%%

lemma emb_gen_sub_into_limit:
  assumes "age_is \<sigma> M C" "finite X" "X \<subseteq> univ V"
  shows "\<exists>\<phi>. emb \<sigma> (gen_sub \<sigma> V X) M \<phi>"
proof -
  obtain D h where D: "D \<in> C" "iso \<sigma> (gen_sub \<sigma> V X) D h"
    using V_cbar assms(2,3) unfolding cbar_def in_cls_def isomorphic_def by blast
  obtain e where "emb \<sigma> D M e" using assms(1) D(1) unfolding age_is_def by blast
  then show ?thesis using emb_comp[of \<sigma> _ D h M e] D(2) unfolding iso_def by blast
qed

lemma orbit_eq_if_types_eq:
  assumes a: "set a \<subseteq> univ V" and b: "set b \<subseteq> univ V"
    and len: "length a = length b"
    and LA: "set (a @ la) = gen \<sigma> V (set a)" and LB: "set (b @ lb) = gen \<sigma> V (set b)"
    and \<phi>A: "emb \<sigma> (gen_sub \<sigma> V (set a)) M \<phi>A" and \<phi>B: "emb \<sigma> (gen_sub \<sigma> V (set b)) M \<phi>B"
    and g: "g \<in> Aut \<sigma> M" "map (g \<circ> \<phi>A) (a @ la) = map \<phi>B (b @ lb)"
    and \<beta>: "\<beta> \<in> Aut \<sigma> T" "map (\<beta> \<circ> u) (a @ la) = map u (b @ lb)"
  shows "orbit (Aut \<sigma> V) b = orbit (Aut \<sigma> V) a"
proof -
  let ?h = "inv_into (gen \<sigma> V (set b)) \<phi>B \<circ> (g \<circ> \<phi>A)"
  have B: "is_struc \<sigma> (restr V (gen \<sigma> V (set b)))"
    using is_struc_restr[OF closed_set_gen[OF V_struc b]] .
  note h = iso_through_Aut[OF B \<phi>A[unfolded gen_sub_def] \<phi>B[unfolded gen_sub_def] g(1) _ _ g(2)]
  have h_iso: "iso \<sigma> (gen_sub \<sigma> V (set a)) (gen_sub \<sigma> V (set b)) ?h"
    and h_map: "map ?h (a @ la) = b @ lb"
    using h LA LB by (simp_all add: gen_sub_def)
  have "map (u \<circ> ?h) (a @ la) = map (\<beta> \<circ> u) (a @ la)"
    using h_map \<beta>(2) by (metis map_map)
  then have "\<forall>x\<in>gen \<sigma> V (set a). u (?h x) = \<beta> (u x)" unfolding LA[symmetric] map_eq_conv by simp
  then have "partial_lift \<beta> (set a) (set b) ?h"
    using a b h_iso unfolding partial_lift_def by simp
  then obtain \<alpha> where \<alpha>: "\<alpha> \<in> Aut \<sigma> V" "\<forall>x\<in>gen \<sigma> V (set a). \<alpha> x = ?h x"
    using partial_lift_extends_to_Aut[OF \<beta>(1)] by blast
  have "map \<alpha> a = map ?h a" using \<alpha>(2) subset_gen[OF V_struc a] by (auto simp: map_eq_conv)
  moreover have "map ?h a = b" using h_map len by (simp add: append_eq_append_conv)
  ultimately have "map \<alpha> a = b" by simp
  then show ?thesis using orbit_Aut_map[OF V_struc \<alpha>(1) a] by simp
qed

%%

- _WHAT IS BEING ASKED_
Set down the entries again exactly as they are.

- _RESPONSE BELOW_
lemma emb_gen_sub_into_limit:
  assumes "age_is \<sigma> M C" "finite X" "X \<subseteq> univ V"
  shows "\<exists>\<phi>. emb \<sigma> (gen_sub \<sigma> V X) M \<phi>"
proof -
  obtain D h where D: "D \<in> C" "iso \<sigma> (gen_sub \<sigma> V X) D h"
    using V_cbar assms(2,3) unfolding cbar_def in_cls_def isomorphic_def by blast
  obtain e where "emb \<sigma> D M e" using assms(1) D(1) unfolding age_is_def by blast
  then show ?thesis using emb_comp[of \<sigma> _ D h M e] D(2) unfolding iso_def by blast
qed

lemma orbit_eq_if_types_eq:
  assumes a: "set a \<subseteq> univ V" and b: "set b \<subseteq> univ V"
    and len: "length a = length b"
    and LA: "set (a @ la) = gen \<sigma> V (set a)" and LB: "set (b @ lb) = gen \<sigma> V (set b)"
    and \<phi>A: "emb \<sigma> (gen_sub \<sigma> V (set a)) M \<phi>A" and \<phi>B: "emb \<sigma> (gen_sub \<sigma> V (set b)) M \<phi>B"
    and g: "g \<in> Aut \<sigma> M" "map (g \<circ> \<phi>A) (a @ la) = map \<phi>B (b @ lb)"
    and \<beta>: "\<beta> \<in> Aut \<sigma> T" "map (\<beta> \<circ> u) (a @ la) = map u (b @ lb)"
  shows "orbit (Aut \<sigma> V) b = orbit (Aut \<sigma> V) a"
proof -
  let ?h = "inv_into (gen \<sigma> V (set b)) \<phi>B \<circ> (g \<circ> \<phi>A)"
  have B: "is_struc \<sigma> (restr V (gen \<sigma> V (set b)))"
    using is_struc_restr[OF closed_set_gen[OF V_struc b]] .
  note h = iso_through_Aut[OF B \<phi>A[unfolded gen_sub_def] \<phi>B[unfolded gen_sub_def] g(1) _ _ g(2)]
  have h_iso: "iso \<sigma> (gen_sub \<sigma> V (set a)) (gen_sub \<sigma> V (set b)) ?h"
    and h_map: "map ?h (a @ la) = b @ lb"
    using h LA LB by (simp_all add: gen_sub_def)
  have "map (u \<circ> ?h) (a @ la) = map (\<beta> \<circ> u) (a @ la)"
    using h_map \<beta>(2) by (metis map_map)
  then have "\<forall>x\<in>gen \<sigma> V (set a). u (?h x) = \<beta> (u x)" unfolding LA[symmetric] map_eq_conv by simp
  then have "partial_lift \<beta> (set a) (set b) ?h"
    using a b h_iso unfolding partial_lift_def by simp
  then obtain \<alpha> where \<alpha>: "\<alpha> \<in> Aut \<sigma> V" "\<forall>x\<in>gen \<sigma> V (set a). \<alpha> x = ?h x"
    using partial_lift_extends_to_Aut[OF \<beta>(1)] by blast
  have "map \<alpha> a = map ?h a" using \<alpha>(2) subset_gen[OF V_struc a] by (auto simp: map_eq_conv)
  moreover have "map ?h a = b" using h_map len by (simp add: append_eq_append_conv)
  ultimately have "map \<alpha> a = b" by simp
  then show ?thesis using orbit_Aut_map[OF V_struc \<alpha>(1) a] by simp
qed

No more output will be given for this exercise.